Whew ! .....brains are always wonderful !
A mind is an auful things to waste !

Reactions: Agree 1


----------



## woodtickgreg (Dec 10, 2015)

Love it!!!!


----------



## gman2431 (Dec 10, 2015)

What did you do? Go through all of @Tclem old photos?

Reactions: Agree 1 | Funny 4


----------



## Mike Mills (Dec 10, 2015)

Now I have a hankering for a Moon Pie and a RC Cola.

Reactions: Agree 2 | Funny 1 | Way Cool 1


----------



## Tclem (Dec 10, 2015)

gman2431 said:


> What did you do? Go through all of @Tclem old photos?


I told my babies momma not to wear that shirt in public

Reactions: Like 1 | Great Post 1 | Funny 4


----------



## robert flynt (Dec 10, 2015)

Tclem said:


> I told my babies momma not to wear that shirt in public


What is it worth to not tell her you said that!!! You might get a hair pick in the _ _ _.

Reactions: Agree 1 | Funny 1


----------



## Tclem (Dec 10, 2015)

robert flynt said:


> What is it worth to not tell her you said that!!!

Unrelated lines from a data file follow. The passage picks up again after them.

(* Let $n\geq1$, $p$ a prime and $R\subsetneq E_n$. Then every $x\in\mathbb{Z}^n$ satisfying $F^{(i)}_R(x)\le0$ for all $i\in E_n$ and $x_i\geq0$ for all $i\in R$ is a linear combination with non-negative rational coefficients of the vectors $\lambda^{(i)}_k$, $1\le i\le h$, $1\le k\le g_i$.
   Context: $E_n=\{1,\dots,n\}$, indices taken modulo $n$; $e_1,\dots,e_n$ standard basis of $\mathbb{Z}^n$, extended $n$-periodically to $e_m$, $m\in\mathbb{Z}$. $\delta_R^{(i)}=-1$ if $i\in R$, $1$ otherwise; $F^{(d)}_R(x)=\sum_{i=0}^{n-1}p^i\delta_R^{(d+i)}x_{d+i}$. Write $E_n\setminus R=\{r_1,\dots,r_h\}$ ($h=n-|R|\ge1$) so that $r_{i+1}$ is the first element of $E_n\setminus R$ in the cyclic sequence $r_i+1,r_i+2,\dots$ (with $r_{h+1}=r_1$, $r_0=r_h$). Let $g_i$ be the smallest positive integer with $r_{i-1}+g_i\equiv r_i \pmod n$ (so $\sum_i g_i=n$). Define $\lambda^{(i)}_k=e_{r_i}+p^ke_{r_i-k}$ for $1\le k\le g_i-1$ and $\lambda^{(i)}_{g_i}=e_{r_i}-p^{g_i}e_{r_{i-1}}$. *)

theory Defs
  imports Complex_Main "HOL-Computational_Algebra.Primes"
begin

text \<open>Conventions: E_n = {1..n}; vectors in Z^n are functions nat => int, only their
values at 1..n matter. Indices m :: int are reduced modulo n into {1..n} by red.\<close>

definition red :: "nat \<Rightarrow> int \<Rightarrow> nat" where
  "red n m = nat (((m - 1) mod int n) + 1)"
(* Every sequent provable in the calculus $\mathsf{G4iSLt}+(\mathrm{cut})$ is provable in $\mathsf{G4iSLt}$; i.e. the additive cut rule is eliminable from $\mathsf{G4iSLt}+(\mathrm{cut})$.
   Context: Formulas are built by the grammar $\varphi ::= p \mid \bot \mid \varphi\land\varphi \mid \varphi\lor\varphi \mid \varphi\to\varphi \mid \Box\varphi$, with $p$ ranging over a countably infinite set of propositional variables. For a multiset $\Gamma$, $\Box\Gamma=\{\Box\psi:\psi\in\Gamma\}$; a boxed formula is one of the form $\Box\psi$. A sequent is $\Gamma\Rightarrow\chi$ with $\Gamma$ a finite multiset of formulas and $\chi$ a formula. The sequent calculus $\mathsf{G4iSLt}$ has the following rules, where $p$ is a propositional variable and $\Phi$ always denotes a multiset containing no boxed formula: (⊥L) $\bot,\Gamma\Rightarrow\chi$ (no premise); (IdP) $\Gamma,p\Rightarrow p$ (no premise); (∧L) from $\Gamma,\varphi,\psi\Rightarrow\chi$ infer $\Gamma,\varphi\land\psi\Rightarrow\chi$; (∧R) from $\Gamma\Rightarrow\varphi$ and $\Gamma\Rightarrow\psi$ infer $\Gamma\Rightarrow\varphi\land\psi$; (∨L) from $\Gamma,\varphi\Rightarrow\chi$ and $\Gamma,\psi\Rightarrow\chi$ infer $\Gamma,\varphi\lor\psi\Rightarrow\chi$; (∨R$_i$), $i\in\{1,2\}$: from $\Gamma\Rightarrow\varphi_i$ infer $\Gamma\Rightarrow\varphi_1\lor\varphi_2$; (p→L) from $\Gamma,p,\varphi\Rightarrow\chi$ infer $\Gamma,p,p\to\varphi\Rightarrow\chi$; (→R) from $\Gamma,\varphi\Rightarrow\psi$ infer $\Gamma\Rightarrow\varphi\to\psi$; (□→L) from $\Phi,\Gamma,\psi,\Box\varphi\Rightarrow\varphi$ and $\Phi,\Box\Gamma,\psi\Rightarrow\chi$ infer $\Phi,\Box\Gamma,\Box\varphi\to\psi\Rightarrow\chi$; (SLtR) from $\Phi,\Gamma,\Box\varphi\Rightarrow\varphi$ infer $\Phi,\Box\Gamma\Rightarrow\Box\varphi$; (∧→L) from $\Gamma,\varphi\to(\psi\to\chi)\Rightarrow\delta$ infer $\Gamma,(\varphi\land\psi)\to\chi\Rightarrow\delta$; (∨→L) from $\Gamma,\varphi\to\chi,\psi\to\chi\Rightarrow\delta$ infer $\Gamma,(\varphi\lor\psi)\to\chi\Rightarrow\delta$; (→→L) from $\Gamma,\psi\to\chi\Rightarrow\varphi\to\psi$ and $\Gamma,\chi\Rightarrow\delta$ infer $\Gamma,(\varphi\to\psi)\to\chi\Rightarrow\delta$. A proof of a sequent $S$ is a finite tree of sequents with root $S$ in which each interior node together with its children forms an instance of a rule (conclusion, premises) and each leaf is the conclusion of a premise-free rule; $S$ is provable if it has a proof. The calculus $\mathsf{G4iSLt}+(\mathrm{cut})$ consists of all rules of $\mathsf{G4iSLt}$ together with the additive cut rule: from $\Gamma\Rightarrow\varphi$ and $\varphi,\Gamma\Rightarrow\chi$ infer $\Gamma\Rightarrow\chi$ (for arbitrary finite multiset $\Gamma$ and formulas $\varphi,\chi$). *)

theory Defs
  imports Main "HOL-Library.Multiset"
begin
lemma C1_strip_convex_comb_radial_bounded:
  assumes "0 < eps" and f: "C1_strip eps f fr ft" and g: "C1_strip eps g gr gt"
  shows "\<exists>B. \<forall>\<^sub>F r in at_right 0. \<forall>\<mu>\<in>{0..1}. \<forall>t. \<bar>\<mu> * gr r t + (1 - \<mu>) * fr r t\<bar> \<le> B"
proof -
  obtain Bf Bg where Bf: "\<forall>\<^sub>F r in at_right 0. \<forall>t. \<bar>fr r t\<bar> \<le> Bf"
    and Bg: "\<forall>\<^sub>F r in at_right 0. \<forall>t. \<bar>gr r t\<bar> \<le> Bg"
    using strip_bounded_at_boundary[OF C1_strip_continuous_partials(1)[OF f] \<open>0 < eps\<close>]
      strip_bounded_at_boundary[OF C1_strip_continuous_partials(1)[OF g] \<open>0 < eps\<close>]
      C1_strip_periodic_r[OF f] C1_strip_periodic_r[OF g] by metis
  have "\<forall>\<^sub>F r in at_right 0. \<forall>\<mu>\<in>{0..1}. \<forall>t. \<bar>\<mu> * gr r t + (1 - \<mu>) * fr r t\<bar> \<le> max Bf Bg"
    using Bf Bg by eventually_elim
      (intro ballI allI abs_convex_comb_diff_le[where z = 0, simplified]; force simp: le_max_iff_disj)
  then show ?thesis by blast
qed

lemma twist_perturbation:
  fixes b b0 \<phi> \<phi>0 l L M :: real
  assumes "b0 + l * sin (2 * \<phi>0) \<le> - M" "\<bar>b - b0\<bar> \<le> M / 4" "\<bar>l\<bar> \<le> L"
    and "\<bar>\<phi> - \<phi>0\<bar> \<le> M / (8 * (L + 1))"
  shows "b + l * sin (2 * \<phi>) \<le> - (M / 2)"
proof -
  have "0 \<le> L" "0 \<le> M" using assms(2,3) by linarith+
  have "\<bar>sin (2 * \<phi>) - sin (2 * \<phi>0)\<bar> \<le> 2 * (M / (8 * (L + 1)))"
    using abs_sin_diff_le[of "2 * \<phi>" "2 * \<phi>0"] assms(4) by linarith
  then have "\<bar>l * sin (2 * \<phi>) - l * sin (2 * \<phi>0)\<bar> \<le> L * (2 * (M / (8 * (L + 1))))"
    unfolding right_diff_distrib[symmetric] abs_mult using assms(3) by (intro mult_mono) auto
  also have "\<dots> \<le> M / 4" using \<open>0 \<le> L\<close> \<open>0 \<le> M\<close> by (simp add: field_simps)
  finally show ?thesis using assms(1,2) by linarith
qed
definition wireless_gen_error ::
  "('w \<Rightarrow> 'z \<Rightarrow> real) \<Rightarrow> 'z measure \<Rightarrow> nat \<Rightarrow> 'w measure \<Rightarrow> 'w measure \<Rightarrow> (nat \<Rightarrow> 'z) \<Rightarrow> real" where
  "wireless_gen_error loss PZ n PW' PW S =
     (\<integral>w. pop_risk loss PZ w \<partial>PW') - (\<integral>w. emp_risk loss n w S \<partial>PW)"

end

theory Submission
  imports Defs
begin

(* By the Donsker-Varadhan variational formula, for every training set S
     k Delta - D(P_{W'W|S} || Q) <= log E_Q [exp (k (L(W') - Lhat(W, S)))].
   Since Q does not depend on S, Markov's inequality bounds the expectation inside the logarithm,
   outside an event of probability epsilon, by 1/epsilon times its mean over S, and Fubini lets us
   take that mean inside E_Q.  The Lipschitz property trades Lhat(W, S) for Lhat(W', S) at the cost of the
   factor exp (k K d(W', W)), and for fixed W' the n i.i.d. sub-Gaussian losses give
   E_S exp (k (L(W') - Lhat(W', S))) <= exp (k^2 sigma^2 / (2 n)). *)

lemma (in prob_space) exp_integral_le_nn_integral_exp:
  assumes g: "integrable M g"
  shows "ennreal (exp (expectation g)) \<le> (\<integral>\<^sup>+x. ennreal (exp (g x)) \<partial>M)"
proof -
  define a where "a = expectation g"
  define h where "h x = exp a * (1 + (g x - a))" for x
  have h: "integrable M h" unfolding h_def using g by auto
  have "exp a = expectation h"
    unfolding h_def using g by (simp add: a_def prob_space algebra_simps)
  also have "\<dots> \<le> expectation (\<lambda>x. max 0 (h x))"
    by (rule integral_mono) (use h in auto)
  finally have "ennreal (exp a) \<le> ennreal (expectation (\<lambda>x. max 0 (h x)))" by simp
  also have "\<dots> = (\<integral>\<^sup>+x. ennreal (max 0 (h x)) \<partial>M)"
    by (rule nn_integral_eq_integral[symmetric]) (use h in auto)
  also have "\<dots> \<le> (\<integral>\<^sup>+x. ennreal (exp (g x)) \<partial>M)"
  proof (rule nn_integral_mono)
    fix x
    \<comment> \<open>h is the tangent line of exp at the mean a\<close>
    have "h x \<le> exp a * exp (g x - a)"
      unfolding h_def by (intro mult_left_mono exp_ge_add_one_self) simp
    then show "ennreal (max 0 (h x)) \<le> ennreal (exp (g x))"
      by (intro ennreal_leI) (simp add: exp_diff)
  qed
  finally show ?thesis unfolding a_def .
qed

lemma (in prob_space) nn_integral_exp_neq_0:
  assumes "g \<in> borel_measurable M"
  shows "(\<integral>\<^sup>+x. ennreal (exp (g x)) \<partial>M) \<noteq> 0"
  using assms by (subst nn_integral_0_iff_AE) (auto simp: AE_False)

lemma donsker_varadhan:
  fixes P Q :: "'a measure" and f :: "'a \<Rightarrow> real"
  assumes P: "prob_space P" and Q: "prob_space Q" and sets_eq: "sets P = sets Q"
    and KL: "KL P Q = ereal D"
    and f[measurable]: "f \<in> borel_measurable Q" and f_int: "integrable P f"
  shows "ennreal (exp (integral\<^sup>L P f - D)) \<le> (\<integral>\<^sup>+x. ennreal (exp (f x)) \<partial>Q)"
proof -
  interpret P: prob_space P by fact
  interpret Q: prob_space Q by fact
  have ac: "absolutely_continuous Q P" and dens_int: "integrable P (entropy_density (exp 1) Q P)"
    and D: "D = KL_divergence (exp 1) Q P"
    using KL by (auto simp: KL_def split: if_splits)
  define R where "R = RN_deriv Q P"
  have [measurable]: "R \<in> borel_measurable Q" unfolding R_def by simp
  have P_eq: "P = density Q R"
    unfolding R_def using Q.density_RN_deriv[OF ac sets_eq] by simp
  have R_fin: "AE x in Q. R x \<noteq> \<infinity>" unfolding R_def
    by (rule Q.RN_deriv_finite[OF _ ac sets_eq]) (simp add: P.sigma_finite_measure)
  have dens: "entropy_density (exp 1) Q P = (\<lambda>x. ln (enn2real (R x)))"
    unfolding entropy_density_def R_def by (auto simp: log_ln[symmetric])
  \<comment> \<open>E_P g = E_P f - D, and R e^g = e^f wherever 0 < R < \<infinity>\<close>
  define g where "g x = f x - ln (enn2real (R x))" for x
  have "integral\<^sup>L P g = integral\<^sup>L P f - D"
    unfolding g_def D KL_divergence_def
    using Bochner_Integration.integral_diff[OF f_int dens_int] by (simp add: dens)
  then have "ennreal (exp (integral\<^sup>L P f - D)) \<le> (\<integral>\<^sup>+x. ennreal (exp (g x)) \<partial>P)"
    using P.exp_integral_le_nn_integral_exp[of g] f_int dens_int dens
    unfolding g_def by auto
  also have "\<dots> = (\<integral>\<^sup>+x. R x * ennreal (exp (g x)) \<partial>Q)"
    unfolding P_eq g_def by (simp add: nn_integral_density)
  also have "\<dots> \<le> (\<integral>\<^sup>+x. ennreal (exp (f x)) \<partial>Q)"
  proof (rule nn_integral_mono_AE)
    show "AE x in Q. R x * ennreal (exp (g x)) \<le> ennreal (exp (f x))"
      using R_fin
    proof eventually_elim
      case (elim x)
      show ?case
      proof (cases "R x = 0")
        case False
        then have pos: "enn2real (R x) > 0"
          using elim by (simp add: enn2real_positive_iff less_top zero_less_iff_neq_zero)
        have "R x * ennreal (exp (g x)) = ennreal (enn2real (R x) * exp (g x))"
          using elim by (simp add: ennreal_mult'' ennreal_enn2real_if)
        also have "enn2real (R x) * exp (g x) = exp (f x)"
          unfolding g_def using pos by (simp add: exp_diff)
        finally show ?thesis by simp
      qed simp
    qed
  qed
  finally show ?thesis .
qed
(* Let $a_j$ ($j\ge2$) be formal variables and $f(x)=1+\sum_{j\ge2}a_jx^j\in\mathbb C[[x]]$. Then for every $n\ge1$, $$\frac{[x^{n+2}]f^{n+1}}{n+1}=\frac12\sum_{j=1}^{n-1}\frac{[x^{j+1}]f^{j}}{j}\cdot\frac{[x^{n-j+1}]f^{n-j}}{n-j}+\frac{[x^{n+2}]f^{n}}{n},$$ where $[x^N]g$ denotes the coefficient of $x^N$ in $g$. *)

theory Defs
  imports Complex_Main "HOL-Computational_Algebra.Formal_Power_Series"
begin

end

theory Submission
  imports Defs
begin

(* Put u = X/f. For every series Q one has [X^m] Q = [X^m] (Q oo u) f^(m+1) u', because
   [X^m] u^k f^(m+1) u' is 1 for k = m and 0 for k < m (Lagrange inversion). Applied to the
   series q with q oo u = 1/f and to q^2, it gives [X^(j+1)] q = - [X^(j+1)] f^j / j and
   [X^(n+2)] q^2 = - 2 [X^(n+2)] f^n / n. Since f has no linear term, q = 1 + q_2 X^2 + ...,
   and comparing coefficients of X^(n+2) in q * q yields the identity. *)

unbundle fps_syntax

lemma fps_inverse_power_mult_power:
  fixes f :: "'a::field fps"
  assumes "f $ 0 \<noteq> 0"
  shows "inverse f ^ r * f ^ (s + r) = f ^ s"
proof -
  have "inverse f ^ r * f ^ r = 1"
    using inverse_mult_eq_1'[OF assms] by (simp add: power_mult_distrib[symmetric] mult.commute)
  then show ?thesis by (simp add: power_add algebra_simps)
qed

lemma fps_power_mult_deriv_X_inverse:
  fixes f :: "'a::field fps"
  assumes "f $ 0 \<noteq> 0" "p \<ge> 1"
  shows "f ^ (p + 1) * fps_deriv (fps_X * inverse f) = f ^ p - fps_X * (fps_deriv f * f ^ (p - 1))"
proof -
  have "f ^ (p + 1) * inverse f = f ^ p"
    using fps_inverse_power_mult_power[OF assms(1), of 1 p] by (simp add: mult.commute)
  moreover have "f ^ (p + 1) * (inverse f)\<^sup>2 = f ^ (p - 1)"
    using fps_inverse_power_mult_power[OF assms(1), of 2 "p - 1"] assms(2) by (simp add: mult.commute)
  ultimately show ?thesis
    using assms(1) by (simp add: fps_inverse_deriv algebra_simps)
qed

lemma fps_nth_power_mult_deriv_X_inverse:
  fixes f :: "'a::field_char_0 fps"
  assumes "f $ 0 \<noteq> 0" "p \<ge> 1"
  shows "(f ^ (p + 1) * fps_deriv (fps_X * inverse f)) $ m
           = (of_nat p - of_nat m) / of_nat p * f ^ p $ m"
proof (cases m)
  case 0
  then show ?thesis using assms by (simp add: fps_power_mult_deriv_X_inverse[OF assms])
next
  case (Suc m')
  have "of_nat m * f ^ p $ m = fps_deriv (f ^ p) $ m'" using Suc by simp
  also have "\<dots> = of_nat p * (fps_deriv f * f ^ (p - 1)) $ m'"
    unfolding fps_deriv_power' by (simp add: mult.assoc fps_of_nat[symmetric])
  finally have "(fps_deriv f * f ^ (p - 1)) $ m' = of_nat m / of_nat p * f ^ p $ m"
    using assms(2) by (simp add: field_simps)
  then show ?thesis
    unfolding fps_power_mult_deriv_X_inverse[OF assms] fps_sub_nth fps_X_mult_nth
    using Suc assms(2) by (simp add: field_simps)
qed

lemma fps_nth_X_inverse_power_mult_kernel:
  fixes f :: "'a::field_char_0 fps"
  assumes "f $ 0 \<noteq> 0" "k \<le> m"
  shows "((fps_X * inverse f) ^ k * (f ^ (m + 1) * fps_deriv (fps_X * inverse f))) $ m
           = (if k = m then 1 else 0)"
proof -
  define D where "D = fps_deriv (fps_X * inverse f)"
  have "((fps_X * inverse f) ^ k * (f ^ (m + 1) * D)) $ m
          = (fps_X ^ k * (inverse f ^ k * f ^ (m + 1) * D)) $ m"
    by (simp only: power_mult_distrib mult.assoc)
  also have "inverse f ^ k * f ^ (m + 1) = f ^ (m - k + 1)"
    using fps_inverse_power_mult_power[OF assms(1), of k "m - k + 1"] assms(2) by simp
  also have "(fps_X ^ k * (f ^ (m - k + 1) * D)) $ m = (f ^ (m - k + 1) * D) $ (m - k)"
    using assms(2) by (simp add: fps_X_power_mult_nth)
  finally have nth: "((fps_X * inverse f) ^ k * (f ^ (m + 1) * D)) $ m = (f ^ (m - k + 1) * D) $ (m - k)" .
  show ?thesis
  proof (cases "k = m")
    case True
    then show ?thesis using nth assms(1) by (simp add: D_def)
  next
    case False
    then show ?thesis
      using nth fps_nth_power_mult_deriv_X_inverse[OF assms(1), of "m - k" "m - k"] assms(2)
      by (simp add: D_def)
  qed
qed

lemma fps_nth_eq_compose_X_inverse_mult:
  fixes f Q :: "'a::field_char_0 fps"
  assumes "f $ 0 \<noteq> 0"
  shows "Q $ m = ((Q oo (fps_X * inverse f)) * (f ^ (m + 1) * fps_deriv (fps_X * inverse f))) $ m"
proof -
  define u where "u = fps_X * inverse f"
  define G where "G = f ^ (m + 1) * fps_deriv u"
  define T where "T = (\<Sum>k = 0..m. fps_const (Q $ k) * u ^ k)"
  have u0: "u $ 0 = 0" unfolding u_def by simp
  have kernel: "(u ^ k * G) $ m = (if k = m then 1 else 0)" if "k \<le> m" for k
    unfolding u_def G_def by (rule fps_nth_X_inverse_power_mult_kernel[OF assms that])
  have "(Q oo u) $ i = T $ i" if "i \<le> m" for i
  proof -
    have "(Q oo u) $ i = (\<Sum>k = 0..i. Q $ k * (u ^ k) $ i)" by (rule fps_compose_nth)
    also have "\<dots> = (\<Sum>k = 0..m. Q $ k * (u ^ k) $ i)"
      by (rule sum.mono_neutral_left) (use that startsby_zero_power_prefix[OF u0] in auto)
    also have "\<dots> = T $ i" unfolding T_def fps_sum_nth by simp
    finally show ?thesis .
  qed
  then have "((Q oo u) * G) $ m = (T * G) $ m"
    unfolding fps_mult_nth by (intro sum.cong) auto
  also have "\<dots> = (\<Sum>k = 0..m. Q $ k * (u ^ k * G) $ m)"
    unfolding T_def sum_distrib_right fps_sum_nth by (simp add: mult.assoc)
  also have "\<dots> = (\<Sum>k = 0..m. if k = m then Q $ k else 0)"
    by (intro sum.cong) (simp_all add: kernel)
  also have "\<dots> = Q $ m" by simp
  finally show ?thesis unfolding u_def G_def by simp
qed

lemma fps_nth_Lagrange_inverse_power:
  fixes f Q :: "'a::field_char_0 fps"
  assumes "f $ 0 \<noteq> 0" "Q oo (fps_X * inverse f) = inverse f ^ r" "r < m"
  shows "Q $ m = - of_nat r / of_nat (m - r) * f ^ (m - r) $ m"
proof -
  have "Q $ m = (inverse f ^ r * f ^ (m + 1) * fps_deriv (fps_X * inverse f)) $ m"
    using fps_nth_eq_compose_X_inverse_mult[OF assms(1), of Q m] assms(2) by (simp add: mult.assoc)
  also have "inverse f ^ r * f ^ (m + 1) = f ^ (m - r + 1)"
    using fps_inverse_power_mult_power[OF assms(1), of r "m - r + 1"] assms(3) by simp
  also have "(f ^ (m - r + 1) * fps_deriv (fps_X * inverse f)) $ m
               = (of_nat (m - r) - of_nat m) / of_nat (m - r) * f ^ (m - r) $ m"
    using assms(3) by (intro fps_nth_power_mult_deriv_X_inverse[OF assms(1)]) simp
  finally show ?thesis using assms(3) by simp
qed

lemma fps_power2_nth_add_2:
  fixes q :: "'a::comm_ring_1 fps"
  assumes "q $ 0 = 1" "q $ 1 = 0" "n \<ge> 1"
  shows "(q\<^sup>2) $ (n + 2) = 2 * q $ (n + 2) + (\<Sum>j = 1..n - 1. q $ (j + 1) * q $ (n - j + 1))"
proof -
  define F where "F i = q $ i * q $ (n + 2 - i)" for i
  have "(q\<^sup>2) $ (n + 2) = (\<Sum>i = 0..n + 2. F i)"
    unfolding F_def power2_eq_square fps_mult_nth ..
  also have "\<dots> = F 0 + F 1 + (\<Sum>i = 2..n. F i) + F (n + 1) + F (n + 2)"
    using assms(3) by (simp add: sum.atLeast_Suc_atMost numeral_2_eq_2 add_ac)
  also have "(\<Sum>i = 2..n. F i) = (\<Sum>j = 1..n - 1. F (j + 1))"
    using assms(3) sum.shift_bounds_cl_Suc_ivl[of F 1 "n - 1"] by (simp add: numeral_2_eq_2)
  also have "\<dots> = (\<Sum>j = 1..n - 1. q $ (j + 1) * q $ (n - j + 1))"
    unfolding F_def by (intro sum.cong) (auto simp: Suc_diff_le)
  finally show ?thesis
    using assms(1,2) by (simp add: F_def)
qed

lemma fps_ginv_inverse_X_inverse_nth:
  fixes f :: "'a::field_char_0 fps"
  assumes f0: "f $ 0 = 1" and f1: "f $ 1 = 0"
  defines "q \<equiv> fps_ginv (inverse f) (fps_X * inverse f)"
  shows "q $ 0 = 1" and "q $ 1 = 0"
    and "j \<ge> 1 \<Longrightarrow> q $ (j + 1) = - (f ^ j $ (j + 1) / of_nat j)"
    and "n \<ge> 1 \<Longrightarrow> (q\<^sup>2) $ (n + 2) = - 2 * (f ^ n $ (n + 2) / of_nat n)"
proof -
  define u where "u = fps_X * inverse f"
  have u0: "u $ 0 = 0" and u1: "u $ 1 = 1" unfolding u_def using f0 by simp_all
  have q: "q oo u = inverse f" unfolding q_def u_def using fps_ginv[OF u0] u1 by (simp add: u_def)
  show "q $ 0 = 1" using arg_cong[OF q, of "\<lambda>g. g $ 0"] f0 by simp
  show "q $ 1 = 0" using arg_cong[OF q, of "\<lambda>g. g $ 1"] u0 u1 f0 f1
    by (simp add: fps_compose_nth fps_inverse_def)
  show "q $ (j + 1) = - (f ^ j $ (j + 1) / of_nat j)" if "j \<ge> 1"
    using fps_nth_Lagrange_inverse_power[of f q 1 "j + 1"] f0 q that by (simp add: u_def)
  show "(q\<^sup>2) $ (n + 2) = - 2 * (f ^ n $ (n + 2) / of_nat n)" if "n \<ge> 1"
    using fps_nth_Lagrange_inverse_power[of f "q\<^sup>2" 2 "n + 2"] fps_compose_power[OF u0, of q 2]
      f0 q that
    by (simp add: u_def)
qed

theorem proposition3p6:
  fixes f :: "complex fps" and n :: nat
  assumes "fps_nth f 0 = 1" and "fps_nth f 1 = 0" and "n \<ge> 1"
  shows "fps_nth (f ^ (n + 1)) (n + 2) / of_nat (n + 1) =
           1 / 2 * (\<Sum>j = 1..n - 1. (fps_nth (f ^ j) (j + 1) / of_nat j) *
                                      (fps_nth (f ^ (n - j)) (n - j + 1) / of_nat (n - j)))
           + fps_nth (f ^ n) (n + 2) / of_nat n"
proof -
  define q where "q = fps_ginv (inverse f) (fps_X * inverse f)"
  note q_nth = fps_ginv_inverse_X_inverse_nth[OF assms(1,2), folded q_def]
  have "(\<Sum>j = 1..n - 1. q $ (j + 1) * q $ (n - j + 1))
      = (\<Sum>j = 1..n - 1. (f ^ j $ (j + 1) / of_nat j) * (f ^ (n - j) $ (n - j + 1) / of_nat (n - j)))"
  proof (intro sum.cong refl)
    fix j assume "j \<in> {1..n - 1}"
    then have "j \<ge> 1" "n - j \<ge> 1" by auto
    then show "q $ (j + 1) * q $ (n - j + 1)
        = (f ^ j $ (j + 1) / of_nat j) * (f ^ (n - j) $ (n - j + 1) / of_nat (n - j))"
      unfolding q_nth(3)[OF \<open>j \<ge> 1\<close>] q_nth(3)[OF \<open>n - j \<ge> 1\<close>] by simp
  qed
  moreover have "q $ (n + 2) = - (f ^ (n + 1) $ (n + 2) / of_nat (n + 1))"
    using q_nth(3)[of "n + 1"] by simp
  ultimately have "- 2 * (f ^ n $ (n + 2) / of_nat n)
      = 2 * - (f ^ (n + 1) $ (n + 2) / of_nat (n + 1))
        + (\<Sum>j = 1..n - 1. (f ^ j $ (j + 1) / of_nat j) * (f ^ (n - j) $ (n - j + 1) / of_nat (n - j)))"
    using fps_power2_nth_add_2[OF q_nth(1,2) assms(3)] q_nth(4)[OF assms(3)] by simp
  then show ?thesis by (simp add: field_simps)
qed

end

Easy there hoss. Somebody delete that post. Lol

Reactions: Funny 2


----------



## JR Custom Calls (Dec 11, 2015)

Tclem said:


> I told my babies momma not to wear that shirt in public


dont talk down to your sister like that

Reactions: Funny 4


----------



## Kevin (Dec 11, 2015)

Tclem is our Terry Bradshaw.

Reactions: Way Cool 1


----------



## Tclem (Dec 11, 2015)

Kevin said:


> Tclem is our Terry Bradshaw.


And you are our Obama


----------



## Tony (Dec 11, 2015)

Tclem said:


> And you are our Obama


Them's fighting words right there!!!!


----------



## Tclem (Dec 11, 2015)

Tony said:


> Them's fighting words right there!!!!


Well we all need a fearless leader. espically one named Hussein


----------



## Kevin (Dec 12, 2015)

Tclem said:


> ... Hussein



Who's sane? No one around here.

Reactions: Funny 1


----------